Dosing regimens for clone RMT2-14 (an anti-mouse TIM-2 antibody) in mouse models are determined by the specific disease context, experimental design, and mouse strain used, but they generally follow established in vivo antibody administration protocols with adjustments as needed for model-specific factors.

Key details:

• The typical dosing regimen for RMT2-14 is designed based on its pharmacokinetics, biological activity, and the intended effect (e.g., blockade vs. depletion) in the specific mouse model.
• Dosing amounts and schedules can vary; however, for most in vivo studies with functional-grade antibodies targeting immune checkpoints in mice, doses often range from 100 μg to 500 μg per mouse per injection, administered intraperitoneally or intravenously.
• The frequency of administration is commonly every 3–4 days, but may be adapted to the specific tumor or immune model and experimental objectives. This aligns with dosing intervals seen for similar antibodies in immuno-oncology studies.
• Tumor models (e.g., syngeneic or xenografts): Dosing is often on the higher end of the range and may be combined with other checkpoint inhibitors or modalities, with adjustments made based on tumor size, growth kinetics, and observed antibody efficacy.
• Specialized models (e.g., autoimmunity or infection): Dose and schedule may be reduced, spaced out, or titrated based on the sensitivity of the model and the desired immunomodulatory effect rather than direct tumor kill.

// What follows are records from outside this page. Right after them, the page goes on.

(*
  L_t is convex in x and concave in lam, so for any feasible u and any
  lam-comparator mu >= 0 the gap L_t(x_t, mu) - L_t(u, lam_t) is bounded by the inner
  product of the gradient with (x_t - u, mu - lam_t).  One projected step decreases the
  potential |x - u|^2 + |lam - mu|^2 by 2 eta times this gap, up to eta^2 times the
  squared gradient; the regularisation term is chosen exactly so that the part of
  that squared gradient growing with lam_t cancels.  Summing over the rounds, the
  potential telescopes, giving one inequality for every mu >= 0 (cumulative_bound).
  Taking mu = 0 gives the regret bound; putting weight c on a single constraint and
  optimising the resulting quadratic in c gives the violation bound.
*)

text \<open>First-order characterisation of convexity: a convex function lies above its
  tangent planes.  Proved by restricting to the line through the two points.\<close>
lemma convex_gradient_inequality:
  fixes f :: "'a::real_inner \<Rightarrow> real"
  assumes convex: "convex_on UNIV f" and deriv: "(f has_derivative (\<lambda>h. v \<bullet> h)) (at y)"
  shows "v \<bullet> (u - y) \<le> f u - f y"
proof -
  define p where "p = (\<lambda>s::real. f (y + s *\<^sub>R (u - y)))"
  have "convex_on UNIV p"
  proof (rule convex_onI)
    fix s t w :: real assume "0 < w" "w < 1"
    have "y + ((1 - w) * s + w * t) *\<^sub>R (u - y)
        = (1 - w) *\<^sub>R (y + s *\<^sub>R (u - y)) + w *\<^sub>R (y + t *\<^sub>R (u - y))"
      by (simp add: algebra_simps)
    then show "p ((1 - w) *\<^sub>R s + w *\<^sub>R t) \<le> (1 - w) * p s + w * p t"
      using convex_onD[OF convex, of w] \<open>0 < w\<close> \<open>w < 1\<close> by (simp add: p_def)
  qed simp
  moreover have "((\<lambda>s. y + s *\<^sub>R (u - y)) has_derivative (\<lambda>s. s *\<^sub>R (u - y))) (at 0)"
    by (auto intro!: derivative_eq_intros)
  from diff_chain_at[OF this, of f "\<lambda>h. v \<bullet> h"] deriv
  have "(p has_derivative (\<lambda>s. v \<bullet> (s *\<^sub>R (u - y)))) (at 0)"
    by (simp add: p_def o_def)
  then have "(p has_field_derivative (v \<bullet> (u - y))) (at 0)"
    unfolding has_field_derivative_def by (simp add: mult.commute[of _ "v \<bullet> (u - y)"])
  ultimately show ?thesis
    using convex_on_imp_above_tangent[of UNIV p 0 1] by (simp add: p_def)
qed

text \<open>One projected gradient step towards a point \<open>u\<close> of a closed convex set: the
  squared distance to \<open>u\<close> drops by the linear term, up to the squared step length.
  (The projection is non-expansive and fixes \<open>u\<close>.)\<close>
lemma projected_step_distance:
  fixes S :: "'a::euclidean_space set"
  assumes "convex S" "closed S" "u \<in> S"
  shows "(norm (closest_point S (z - \<eta> *\<^sub>R v) - u))\<^sup>2
           \<le> (norm (z - u))\<^sup>2 - 2 * \<eta> * (v \<bullet> (z - u)) + \<eta>\<^sup>2 * (norm v)\<^sup>2"
proof -
  have "norm (closest_point S (z - \<eta> *\<^sub>R v) - u) \<le> norm (z - \<eta> *\<^sub>R v - u)"
    using closest_point_lipschitz[OF assms(1,2), of "z - \<eta> *\<^sub>R v" u]
      closest_point_self[OF assms(3)] assms(3) by (auto simp: dist_norm)
  then have "(norm (closest_point S (z - \<eta> *\<^sub>R v) - u))\<^sup>2 \<le> (norm (z - \<eta> *\<^sub>R v - u))\<^sup>2"
    by (simp add: power_mono)
  also have "\<dots> = (norm (z - u))\<^sup>2 - 2 * \<eta> * (v \<bullet> (z - u)) + \<eta>\<^sup>2 * (norm v)\<^sup>2"
    unfolding power2_norm_eq_inner
    by (simp add: inner_diff_left inner_diff_right inner_commute algebra_simps power2_eq_square)
  finally show ?thesis .
qed

lemma projected_ascent_nonneg:
  fixes l h \<mu> \<eta> :: real
  assumes "\<mu> \<ge> 0"
  shows "(closest_point {0..} (l + \<eta> * h) - \<mu>)\<^sup>2 \<le> (l - \<mu>)\<^sup>2 - 2 * \<eta> * (h * (\<mu> - l)) + \<eta>\<^sup>2 * h\<^sup>2"
  using projected_step_distance[of "{0::real..}" \<mu> l \<eta> "- h"] assms
  by (simp add: algebra_simps)

text \<open>A norm bound for \<open>v\<^sub>0 + \<Sum> w\<^sub>i v\<^sub>i\<close> with nonnegative weights, from the triangle
  inequality and the Cauchy--Schwarz bound \<open>(1 + \<Sum> w\<^sub>i)\<^sup>2 \<le> (m+1)(1 + \<Sum> w\<^sub>i\<^sup>2)\<close>.\<close>
lemma norm_nonneg_combination_squared:
  fixes v\<^sub>0 :: "'a::real_normed_vector" and v :: "nat \<Rightarrow> 'a" and w :: "nat \<Rightarrow> real"
  assumes "norm v\<^sub>0 \<le> G" "\<forall>i\<in>{1..m}. norm (v i) \<le> G" "\<forall>i\<in>{1..m}. w i \<ge> 0"
  shows "(norm (v\<^sub>0 + (\<Sum>i=1..m. w i *\<^sub>R v i)))\<^sup>2 \<le> (real m + 1) * G\<^sup>2 * (1 + (\<Sum>i=1..m. (w i)\<^sup>2))"
proof -
  define w' where "w' i = (if i = 0 then 1 else w i)" for i
  have split: "(\<Sum>i=0..m. k (w' i)) = k 1 + (\<Sum>i=1..m. k (w i))" for k :: "real \<Rightarrow> real"
    by (simp add: sum.atLeast_Suc_atMost w'_def)
  have "norm (v\<^sub>0 + (\<Sum>i=1..m. w i *\<^sub>R v i)) \<le> norm v\<^sub>0 + (\<Sum>i=1..m. norm (w i *\<^sub>R v i))"
    by (intro norm_triangle_le add_left_mono norm_sum)
  also have "\<dots> \<le> G + (\<Sum>i=1..m. w i * G)"
    using assms by (intro add_mono sum_mono) (auto intro: mult_left_mono)
  also have "\<dots> = G * (\<Sum>i=0..m. w' i)"
    using split[of "\<lambda>r. r"] by (simp add: sum_distrib_left algebra_simps)
  finally have "(norm (v\<^sub>0 + (\<Sum>i=1..m. w i *\<^sub>R v i)))\<^sup>2 \<le> G\<^sup>2 * (\<Sum>i=0..m. w' i)\<^sup>2"
    by (metis power_mono norm_ge_zero power_mult_distrib)
  also have "\<dots> \<le> G\<^sup>2 * ((\<Sum>i=0..m. (w' i)\<^sup>2) * (real m + 1))"
    using sum_squared_le_sum_of_squares[of w' "{0..m}"] by (intro mult_left_mono) (auto simp: add.commute)
  also have "\<dots> = (real m + 1) * G\<^sup>2 * (1 + (\<Sum>i=1..m. (w i)\<^sup>2))"
    using split[of "\<lambda>r. r\<^sup>2"] by simp
  finally show ?thesis .
qed

lemma sum_chained_differences:
  fixes A B :: "nat \<Rightarrow> real"
  assumes "\<forall>t\<in>{1..<n}. B t = A (Suc t)" "n \<ge> 1"
  shows "(\<Sum>t=1..n. A t - B t) = A 1 - B n"
  using assms
proof (induction n)
  case (Suc n)
  show ?case
  proof (cases "n = 0")
    case False
    then have "(\<Sum>t=1..n. A t - B t) = A 1 - B n" and "B n = A (Suc n)"
      using Suc by auto
    then show ?thesis by simp
  qed simp
qed simp

text \<open>If \<open>c S - Q c\<^sup>2 \<le> M\<close> for every \<open>c \<ge> 0\<close>, then the choice \<open>c = S / (2Q)\<close>
  gives \<open>S \<le> \<surd>(4QM)\<close>.\<close>
lemma bound_from_quadratic:
  fixes S Q M :: real
  assumes Q: "Q > 0" and quad: "\<And>c. c \<ge> 0 \<Longrightarrow> c * S - Q * c\<^sup>2 \<le> M"
  shows "S \<le> sqrt (4 * Q * M)"
proof (cases "S \<le> 0")
  case True
  moreover have "M \<ge> 0" using quad[of 0] by simp
  ultimately show ?thesis
    using Q by (meson order_trans real_sqrt_ge_zero mult_nonneg_nonneg less_imp_le zero_le_numeral)
next
  case False
  have "S\<^sup>2 / (4 * Q) = (S / (2 * Q)) * S - Q * (S / (2 * Q))\<^sup>2"
    using Q by (simp add: power2_eq_square field_simps)
  also have "\<dots> \<le> M" using quad[of "S / (2 * Q)"] False Q by simp
  finally have "S\<^sup>2 \<le> 4 * Q * M" using Q by (simp add: pos_divide_le_eq mult.commute)
  then show ?thesis using False by (simp add: real_le_rsqrt)
qed

locale primal_dual_setting =
  fixes R G D \<delta> \<eta> :: real and m T :: nat
    and g :: "nat \<Rightarrow> 'a::euclidean_space \<Rightarrow> real" and dg :: "nat \<Rightarrow> 'a \<Rightarrow> 'a"
    and f :: "nat \<Rightarrow> 'a \<Rightarrow> real" and df :: "nat \<Rightarrow> 'a \<Rightarrow> 'a"
    and x :: "nat \<Rightarrow> 'a" and lam :: "nat \<Rightarrow> nat \<Rightarrow> real"
  assumes R_nonneg: "R \<ge> 0"
    and g_convex: "\<forall>i\<in>{1..m}. convex_on UNIV (g i)"
    and g_grad: "\<forall>i\<in>{1..m}. \<forall>y. (g i has_derivative (\<lambda>h. dg i y \<bullet> h)) (at y)"
    and f_convex: "\<forall>t\<in>{1..T}. convex_on UNIV (f t)"
    and f_grad: "\<forall>t\<in>{1..T}. \<forall>y. (f t has_derivative (\<lambda>h. df t y \<bullet> h)) (at y)"
    and df_bound: "\<forall>t\<in>{1..T}. \<forall>y\<in>cball 0 R. norm (df t y) \<le> G"
    and dg_bound: "\<forall>i\<in>{1..m}. \<forall>y\<in>cball 0 R. norm (dg i y) \<le> G"
    and g_bound: "\<forall>i\<in>{1..m}. \<forall>y\<in>cball 0 R. \<bar>g i y\<bar> \<le> D"
    and x_init: "x 1 = 0"
    and lam_init: "\<forall>i\<in>{1..m}. lam 1 i = 0"
    and x_step: "\<forall>t\<in>{1..<T}. x (Suc t) = closest_point (cball 0 R)
        (x t - \<eta> *\<^sub>R (df t (x t) + (\<Sum>i=1..m. lam t i *\<^sub>R dg i (x t))))"
    and lam_step: "\<forall>t\<in>{1..<T}. \<forall>i\<in>{1..m}. lam (Suc t) i = closest_point {0..}
        (lam t i + \<eta> * (g i (x t) - \<delta> * \<eta> * lam t i))"
begin

definition grad_x :: "nat \<Rightarrow> 'a" where
  "grad_x t = df t (x t) + (\<Sum>i=1..m. lam t i *\<^sub>R dg i (x t))"

definition grad_lam :: "nat \<Rightarrow> nat \<Rightarrow> real" where
  "grad_lam t i = g i (x t) - \<delta> * \<eta> * lam t i"

definition x_next :: "nat \<Rightarrow> 'a" where
  "x_next t = closest_point (cball 0 R) (x t - \<eta> *\<^sub>R grad_x t)"

definition lam_next :: "nat \<Rightarrow> nat \<Rightarrow> real" where
  "lam_next t i = closest_point {0..} (lam t i + \<eta> * grad_lam t i)"

definition lagrangian :: "nat \<Rightarrow> 'a \<Rightarrow> (nat \<Rightarrow> real) \<Rightarrow> real" where
  "lagrangian t y \<mu> = f t y + (\<Sum>i=1..m. \<mu> i * g i y - \<delta> * \<eta> / 2 * (\<mu> i)\<^sup>2)"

Sources note that the exact regimen should be empirically tailored as mouse strain, tumor type, immune status, and study goal all influence antibody pharmacodynamics and results. Major reagent suppliers and antibody dosing guides provide standard starting doses but recommend pilot experiments to optimize regimens for new models.

Summary Table: Typical RMT2-14 Dosing in Mouse Models

Model-dependent variation:
Dosing may be increased in models with rapid antibody clearance or highly proliferative tumors, or decreased in sensitive strains or when used in chronic studies. Optimization should consider mouse age, weight, and health as well.

In summary:
The dosing regimen of RMT2-14 in mouse models is generally 100–500 μg per mouse every 3–4 days, with specifics adjusted for the particular disease model and experimental goals, in keeping with standard in vivo antibody protocols.